Ужас! Какое невежество!

РЕБЕНОК

Мамочка, что такое «голубая дымка гор»?

МОРАЛЬ

Незакрытое лицо — это неприлично! Порядочную девушку никто не должен видеть без противогаза!

МАТЬ

Ты знаешь, что выкинул наш сын? Чуть было не вылез из-под земли наружу, проказник этакий!

ЧИТАТЕЛЬ

— Чему ты смеешься?

— Да вот читаю в старинной книге какое-то «описание природы».

ДОМОВЛАДЕЛЕЦ

Если вы в недельный срок не внесете квартирной платы, я выброшу вас из этого подвала на солнце.

РОСКОШЬ

Смотри-ка, как они шикуют: заказали для своей пещеры искусственные сталактиты.

ПЕРЕСЕЛЕНИЕ

Доктор советует мне переменить климат. Ищу пещеру где-нибудь в пермских отложениях.

ИДЕАЛЬНОЕ ПОМЕЩЕНИЕ

— А крыс у вас здесь нет?

— Что вы! Тут ни одна крыса не выдержала бы.

РАЗНИЦА

Лучше всего живется в известняке. Гранит немного холоден и темноват.

МОЛОДАЯ ЖЕНЩИНА

Под землей у нас будет верандочка, и я там разведу грибки и плесень в вазочках.

СОСЕДКИ

Это ужасно: воздух снова подорожал.

ВОСПОМИНАНИЕ

Вот уже год, как мы похоронили папу на поверхности земли.

ПЕЩЕРНЫЕ ЛЮДИ

— Посмотрите, я откопал какой-то древний очаг.

— Не болтайте зря!.. Будто люди уже находились когда-то на таком высоком уровне культуры, чтобы жить в пещерах.

КАНАЛИЗАЦИЯ

Эти глупые люди прежде строили такие узкие коридоры!

ВОЗДУХОЛАЗ

Жена, подай скафандр. Пойду выныривать.

МАЛЬЧИК

— Папа, что такое мир?

— Не знаю. Не спрашивай о таких глупостях.

МИФ

Будто бы когда-то жили на поверхности земли? Сказки. С научной точки зрения это абсурд.

ГОД 2200-й

Открытие века! Нержавеющие каменные орудия!

В 2500-м ГОДУ

— …вернулся и утверждает, что наверху, на поверхности земли, можно совершенно свободно дышать.
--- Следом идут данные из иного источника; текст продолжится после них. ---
lemma parts_across_edge:
  assumes e: "{l, j} \<in> ET"
  shows "part l j \<union> part j l = V - (X l \<inter> X j)" and "part l j \<inter> part j l = {}"
proof -
  have e': "{j, l} \<in> ET" using e by (simp add: insert_commute)
  show "part l j \<union> part j l = V - (X l \<inter> X j)"
  proof
    show "part l j \<union> part j l \<subseteq> V - (X l \<inter> X j)" using part_subset by blast
  next
    show "V - (X l \<inter> X j) \<subseteq> part l j \<union> part j l"
    proof
      fix v assume v: "v \<in> V - (X l \<inter> X j)"
      then obtain k where k: "k \<in> I" "v \<in> X k" using bags_cover by blast
      have "v \<in> (\<Union>k\<in>branch l j. X k) \<or> v \<in> (\<Union>k\<in>branch j l. X k)"
        using branch_swap[OF e k(1)] k by blast
      moreover have "X l \<subseteq> (\<Union>k\<in>branch j l. X k)" "X j \<subseteq> (\<Union>k\<in>branch l j. X k)"
        using in_own_branch[OF e] in_own_branch[OF e'] by blast+
      ultimately show "v \<in> part l j \<union> part j l" using v unfolding part_def by blast
    qed
  qed
  show "part l j \<inter> part j l = {}"
    using bags_across_edge[OF e] unfolding part_def by blast
qed

lemma card_parts_across_edge:
  assumes e: "{l, j} \<in> ET"
  shows "real (card (part l j)) + real (card (part j l)) = real (card V) - real (card (X l \<inter> X j))"
proof -
  have lI: "l \<in> I" using e edge_nodes by auto
  have S: "X l \<inter> X j \<subseteq> V" using bag_subset[OF lI] by blast
  have "card (part l j) + card (part j l) = card (V - (X l \<inter> X j))"
    using parts_across_edge[OF e] finite_part
    by (metis card_Un_disjoint)
  also have "\<dots> = card V - card (X l \<inter> X j)"
    using finite_subset[OF S finite_vertices] S by (rule card_Diff_subset)
  finally show ?thesis using card_mono[OF finite_vertices S] by (simp add: of_nat_diff flip: of_nat_add)
qed

definition heavy :: "'b \<Rightarrow> 'b \<Rightarrow> bool" where
  "heavy l j \<longleftrightarrow> {l, j} \<in> ET \<and>
     real (card (part l j)) > (real (card V) - real (card (X l)) + 1) / 2"
(* Let $\rho>0$, $\xi\in\mathbb{R}$, and $H=\frac{1}{2(1+\rho u^2)}\big(u^2(P_u^2+P_y^2)+\xi\big)$ on $(u,y)\in(0,\infty)\times\mathbb{R}$. On the level set $H=E$, $P_y=L>0$, if $2E<\xi$ and $2\rho E>L^2$, the projections to the $(u,y)$-plane of the trajectories of the Hamiltonian flow have equation $$u^2-\frac{2\rho E-L^2}{L^2}(y-y_0)^2=u_*^2,\qquad u\in(u_*,+\infty),$$ for some $y_0\in\mathbb{R}$, where $u_*=\sqrt{\frac{\xi-2E}{2\rho E-L^2}}$. *)

theory Defs
  imports "HOL-Analysis.Analysis"
begin

definition hamH :: "real \<Rightarrow> real \<Rightarrow> real \<Rightarrow> real \<Rightarrow> real \<Rightarrow> real \<Rightarrow> real" where
  "hamH \<rho> \<xi> u y pu py = (u\<^sup>2 * (pu\<^sup>2 + py\<^sup>2) + \<xi>) / (2 * (1 + \<rho> * u\<^sup>2))"

definition hamiltonian_trajectory ::
  "(real \<Rightarrow> real \<Rightarrow> real \<Rightarrow> real \<Rightarrow> real) \<Rightarrow> real set \<Rightarrow>
   (real \<Rightarrow> real) \<Rightarrow> (real \<Rightarrow> real) \<Rightarrow> (real \<Rightarrow> real) \<Rightarrow> (real \<Rightarrow> real) \<Rightarrow> bool" where
  "hamiltonian_trajectory H T u y pu py \<longleftrightarrow>
    (\<forall>t\<in>T.
      (u has_real_derivative deriv (\<lambda>p. H (u t) (y t) p (py t)) (pu t)) (at t) \<and>
      (y has_real_derivative deriv (\<lambda>q. H (u t) (y t) (pu t) q) (py t)) (at t) \<and>
      (pu has_real_derivative - deriv (\<lambda>x. H x (y t) (pu t) (py t)) (u t)) (at t) \<and>
      (py has_real_derivative - deriv (\<lambda>x. H (u t) x (pu t) (py t)) (y t)) (at t))"

end

theory Submission
  imports Defs
begin

text \<open>Since \<open>H\<close> does not depend on \<open>y\<close>, the momentum \<open>P_y = L\<close> is conserved, and on the level
  set \<open>H = E\<close> the quantity \<open>y - L/(2\<rho>E - L\<^sup>2) \<cdot> u P_u\<close> is a second first integral.
  Calling its value \<open>y\<^sub>0\<close>, the energy relation \<open>u\<^sup>2(P_u\<^sup>2 + L\<^sup>2) + \<xi> = 2E(1 + \<rho>u\<^sup>2)\<close> expresses
  \<open>u\<^sup>2P_u\<^sup>2\<close> through \<open>u\<^sup>2\<close>; eliminating \<open>u P_u\<close> between the two relations gives the hyperbola,
  and \<open>u > 0\<close> selects its branch \<open>u \<ge> u\<^sub>*\<close>.\<close>

lemma hamH_has_derivative_u:
  assumes "1 + \<rho> * u\<^sup>2 \<noteq> 0"
  shows "((\<lambda>x. hamH \<rho> \<xi> x y p q) has_real_derivative
           u * (p\<^sup>2 + q\<^sup>2 - \<rho> * \<xi>) / (1 + \<rho> * u\<^sup>2)\<^sup>2) (at u)"
  unfolding hamH_def
  by (rule derivative_eq_intros refl)+ (use assms in \<open>simp_all add: divide_simps\<close>, algebra)

lemma hamH_has_derivative_pu:
  assumes "1 + \<rho> * u\<^sup>2 \<noteq> 0"
  shows "((\<lambda>p. hamH \<rho> \<xi> u y p q) has_real_derivative u\<^sup>2 * p / (1 + \<rho> * u\<^sup>2)) (at p)"
  unfolding hamH_def
  by (rule derivative_eq_intros refl)+ (use assms in \<open>simp_all add: divide_simps\<close>)

lemma hamH_has_derivative_py:
  assumes "1 + \<rho> * u\<^sup>2 \<noteq> 0"
  shows "((\<lambda>q. hamH \<rho> \<xi> u y p q) has_real_derivative u\<^sup>2 * q / (1 + \<rho> * u\<^sup>2)) (at q)"
  unfolding hamH_def
  by (rule derivative_eq_intros refl)+ (use assms in \<open>simp_all add: divide_simps\<close>)

lemma hamH_eq_iff:
  assumes "\<rho> \<ge> 0"
  shows "hamH \<rho> \<xi> u y p q = E \<longleftrightarrow> u\<^sup>2 * (p\<^sup>2 + q\<^sup>2) + \<xi> = 2 * E * (1 + \<rho> * u\<^sup>2)"
proof -
  have "1 + \<rho> * u\<^sup>2 > 0" using assms by (simp add: add_pos_nonneg)
  then show ?thesis unfolding hamH_def by (auto simp: field_simps)
qed

lemma hamiltonian_trajectory_hamH_equations:
  assumes "\<rho> \<ge> 0" and "hamiltonian_trajectory (hamH \<rho> \<xi>) T u y pu py" and "t \<in> T"
  defines "D \<equiv> 1 + \<rho> * (u t)\<^sup>2"
  shows "(u has_real_derivative (u t)\<^sup>2 * pu t / D) (at t)"
    and "(y has_real_derivative (u t)\<^sup>2 * py t / D) (at t)"
    and "(pu has_real_derivative - (u t * ((pu t)\<^sup>2 + (py t)\<^sup>2 - \<rho> * \<xi>) / D\<^sup>2)) (at t)"
proof -
  have "D \<noteq> 0" unfolding D_def using assms(1) add_pos_nonneg[of 1 "\<rho> * (u t)\<^sup>2"] by simp
  note equations = assms(2)[unfolded hamiltonian_trajectory_def, rule_format, OF assms(3)]
  show "(u has_real_derivative (u t)\<^sup>2 * pu t / D) (at t)"
    using equations DERIV_imp_deriv[OF hamH_has_derivative_pu] \<open>D \<noteq> 0\<close> unfolding D_def by metis
  show "(y has_real_derivative (u t)\<^sup>2 * py t / D) (at t)"
    using equations DERIV_imp_deriv[OF hamH_has_derivative_py] \<open>D \<noteq> 0\<close> unfolding D_def by metis
  show "(pu has_real_derivative - (u t * ((pu t)\<^sup>2 + (py t)\<^sup>2 - \<rho> * \<xi>) / D\<^sup>2)) (at t)"
    using equations DERIV_imp_deriv[OF hamH_has_derivative_u] \<open>D \<noteq> 0\<close> unfolding D_def by metis
qed

lemma hamH_first_integral_has_derivative:
  assumes "\<rho> \<ge> 0" and "hamiltonian_trajectory (hamH \<rho> \<xi>) T u y pu py" and "t \<in> T"
    and "hamH \<rho> \<xi> (u t) (y t) (pu t) (py t) = E" and "py t = L" and "2 * \<rho> * E - L\<^sup>2 \<noteq> 0"
  shows "((\<lambda>s. y s - L / (2 * \<rho> * E - L\<^sup>2) * (u s * pu s)) has_real_derivative 0) (at t)"
proof -
  define a where "a = 2 * \<rho> * E - L\<^sup>2"
  define D where "D = 1 + \<rho> * (u t)\<^sup>2"
  define U where "U = u t"
  define P where "P = pu t"
  have "D > 0" unfolding D_def using assms(1) by (simp add: add_pos_nonneg)
  have energy: "U\<^sup>2 * (P\<^sup>2 + L\<^sup>2) + \<xi> = 2 * E * D"
    using assms(4,5) hamH_eq_iff[OF assms(1)] unfolding U_def P_def D_def by simp
  note equations = hamiltonian_trajectory_hamH_equations[OF assms(1-3), folded D_def U_def P_def,
      unfolded assms(5)]
  have "((\<lambda>s. y s - L / a * (u s * pu s)) has_real_derivative
          U\<^sup>2 * L / D - L / a * (U\<^sup>2 * P / D * P + U * - (U * (P\<^sup>2 + L\<^sup>2 - \<rho> * \<xi>) / D\<^sup>2))) (at t)"
    by (rule derivative_eq_intros equations refl | simp add: U_def P_def)+
  \<comment> \<open>this is \<open>\<rho>\<close> times the energy relation\<close>
  moreover have "a * D - P\<^sup>2 * D + (P\<^sup>2 + L\<^sup>2 - \<rho> * \<xi>) = 0"
    using energy unfolding a_def D_def U_def by algebra
  moreover have "U\<^sup>2 * L / D - L / a * (U\<^sup>2 * P / D * P + U * - (U * (P\<^sup>2 + L\<^sup>2 - \<rho> * \<xi>) / D\<^sup>2))
      = L * U\<^sup>2 / (a * D\<^sup>2) * (a * D - P\<^sup>2 * D + (P\<^sup>2 + L\<^sup>2 - \<rho> * \<xi>))"
    using \<open>D > 0\<close> assms(6) unfolding a_def by (simp add: field_simps power2_eq_square)
  ultimately show ?thesis unfolding a_def by simp
qed

lemma hyperbola_of_first_integrals:
  fixes \<rho> \<xi> E L u P y y0 :: real
  defines "a \<equiv> 2 * \<rho> * E - L\<^sup>2"
  assumes "a \<noteq> 0" and "L \<noteq> 0"
    and energy: "u\<^sup>2 * (P\<^sup>2 + L\<^sup>2) + \<xi> = 2 * E * (1 + \<rho> * u\<^sup>2)"
    and integral: "y - y0 = L / a * (u * P)"
  shows "u\<^sup>2 - a / L\<^sup>2 * (y - y0)\<^sup>2 = (\<xi> - 2 * E) / a"
proof -
  have "u\<^sup>2 * P\<^sup>2 = a * u\<^sup>2 - (\<xi> - 2 * E)"
    using energy unfolding a_def by (simp add: algebra_simps)
  moreover have "a / L\<^sup>2 * (y - y0)\<^sup>2 = u\<^sup>2 * P\<^sup>2 / a"
    unfolding integral using assms(2,3) by (simp add: field_simps power2_eq_square)
  ultimately show ?thesis using assms(2) by (simp add: field_simps)
qed

theorem proposition16:
  fixes \<rho> \<xi> E L :: real and T :: "real set"
    and u y pu py :: "real \<Rightarrow> real"
  assumes rho_pos: "\<rho> > 0"
    and L_pos: "L > 0"
    and E1: "2 * E < \<xi>"
    and E2: "2 * \<rho> * E > L\<^sup>2"
    and T_open: "open T" and T_interval: "is_interval T" and T_ne: "T \<noteq> {}"
    and traj: "hamiltonian_trajectory (hamH \<rho> \<xi>) T u y pu py"
    and u_pos: "\<forall>t\<in>T. u t > 0"
    and level: "\<forall>t\<in>T. hamH \<rho> \<xi> (u t) (y t) (pu t) (py t) = E"
    and mom: "\<forall>t\<in>T. py t = L"
  shows "\<exists>y0::real. \<forall>t\<in>T.
           (u t)\<^sup>2 - (2 * \<rho> * E - L\<^sup>2) / L\<^sup>2 * (y t - y0)\<^sup>2
             = (sqrt ((\<xi> - 2 * E) / (2 * \<rho> * E - L\<^sup>2)))\<^sup>2
           \<and> u t \<ge> sqrt ((\<xi> - 2 * E) / (2 * \<rho> * E - L\<^sup>2))"
proof -
  define a where "a = 2 * \<rho> * E - L\<^sup>2"
  have "a > 0" and "\<xi> - 2 * E > 0" using E1 E2 unfolding a_def by auto
  define g where "g s = y s - L / a * (u s * pu s)" for s
  have "(g has_real_derivative 0) (at t within T)" if "t \<in> T" for t
    using hamH_first_integral_has_derivative[OF less_imp_le[OF rho_pos] traj that]
      level mom that \<open>a > 0\<close> unfolding g_def a_def by (auto intro: has_field_derivative_at_within)
  then obtain y0 where y0: "g t = y0" if "t \<in> T" for t
    using has_field_derivative_zero_constant[OF is_interval_convex[OF T_interval]] by metis
  have hyperbola: "(u t)\<^sup>2 - a / L\<^sup>2 * (y t - y0)\<^sup>2 = (\<xi> - 2 * E) / a" if "t \<in> T" for t
  proof -
    have "(u t)\<^sup>2 * ((pu t)\<^sup>2 + L\<^sup>2) + \<xi> = 2 * E * (1 + \<rho> * (u t)\<^sup>2)"
      using level mom that hamH_eq_iff[OF less_imp_le[OF rho_pos]] by metis
    moreover have "y t - y0 = L / a * (u t * pu t)" using y0[OF that] unfolding g_def by simp
    ultimately show ?thesis
      using hyperbola_of_first_integrals \<open>a > 0\<close> L_pos unfolding a_def by simp
  qed
  show ?thesis
  proof (unfold a_def[symmetric], intro exI ballI conjI)
    fix t assume "t \<in> T"
    have "(sqrt ((\<xi> - 2 * E) / a))\<^sup>2 = (\<xi> - 2 * E) / a"
      using \<open>a > 0\<close> \<open>\<xi> - 2 * E > 0\<close> by simp
    then show "(u t)\<^sup>2 - a / L\<^sup>2 * (y t - y0)\<^sup>2 = (sqrt ((\<xi> - 2 * E) / a))\<^sup>2"
      using hyperbola[OF \<open>t \<in> T\<close>] by simp
    have "a / L\<^sup>2 * (y t - y0)\<^sup>2 \<ge> 0" using \<open>a > 0\<close> by simp
    then have "(\<xi> - 2 * E) / a \<le> (u t)\<^sup>2" using hyperbola[OF \<open>t \<in> T\<close>] by linarith
    then show "sqrt ((\<xi> - 2 * E) / a) \<le> u t"
      using real_sqrt_le_mono u_pos \<open>t \<in> T\<close> by fastforce
  qed
qed

end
— Допустим. Но что же из этого?

(1934)


Современные
© Перевод Д. Горбова, О. Малевича

УСПЕХИ ЦИВИЛИЗАЦИИ

Интенсивность артиллерийского огня увеличилась, но теперь, слава богу, это уже никто не назовет войной.

ДОЛОЙ ВОЙНУ

Вот доказательство того, что мы действительно не хотим войны: мы воюем без объявления войны.

МЕЖДУНАРОДНЫЕ СОГЛАШЕНИЯ

…да, конечно, но с кем мы воюем — это наше внутреннее дело.

СООБЩЕНИЕ

Мы ввели в бой две новые дивизии с танками и самолетами. Противник отступает, неся тяжелые потери. Мир по-прежнему не нарушен.

МИР

Войны мы не хотим. Против слабейшего достаточно карательной экспедиции.

НОТА

В доказательство нашего миролюбия мы изъявляем желание, чтобы неприятель сдался на нашу милость и немилость.

ПРОТЕСТ

Перед лицом всего цивилизованного мира мы протестуем против варварского поведения неприятеля, который, вместо того чтобы принять наши условия, подставляет своих женщин и детей под бомбы наших летчиков.

СООБЩЕНИЕ

Наша авиация успешно атаковала неприятельские силы. Убит один солдат, семьдесят женщин и сто детей.

ВОЛК И КОЗА

Договоримся на экономической основе: я не буду есть твоей травы, а ты за это будешь добровольно снабжать меня своим мясом.

ДОКАЗАТЕЛЬСТВО

В доказательство нашего стремления договориться с соседними государствами мы начали бомбардировку ею открытых городов.

СООБЩЕНИЕ

Враг пытался злодейски обстреливать наши самолеты, мирно сбрасывавшие бомбы на его город.

ДОБРАЯ ВОЛЯ

Мы согласны вынести наш конфликт на обсуждение международной конференции, но с условием, что решение будет в нашу пользу.

ПРИНЦИП

Хитрый дерется, пока мудрый уступает.

ДВА ТИГРА В ДЖУНГЛЯХ

Мы встретились в интересах мира и пришли к соглашению, что будем охотиться совместно.

ЛИСА

Не верьте куриному кудахтанью. Когда я сыта, в курятнике царит мир.

ГАНГСТЕР

Любезный, если вы вздумаете обороняться, я буду считать это недружелюбным актом.

ВОЛК

Я насытился. Еще раз восторжествовала высшая моральная справедливость.

ГРАБИТЕЛЬ

Он напал на меня, а я только защищал свои интересы, направленные на его кошелек.

СМЕРТЬ

Что ж, такой мир тоже неплох!

(1937)


Обрывки
© Перевод Д. Горбова, И. Ивановой, О. Малевича


I

— Вы чего уставились на крышу?

— Да вот со страхом смотрю, что кровельщик, того и гляди, свалится, а он, проклятый, и не думает падать.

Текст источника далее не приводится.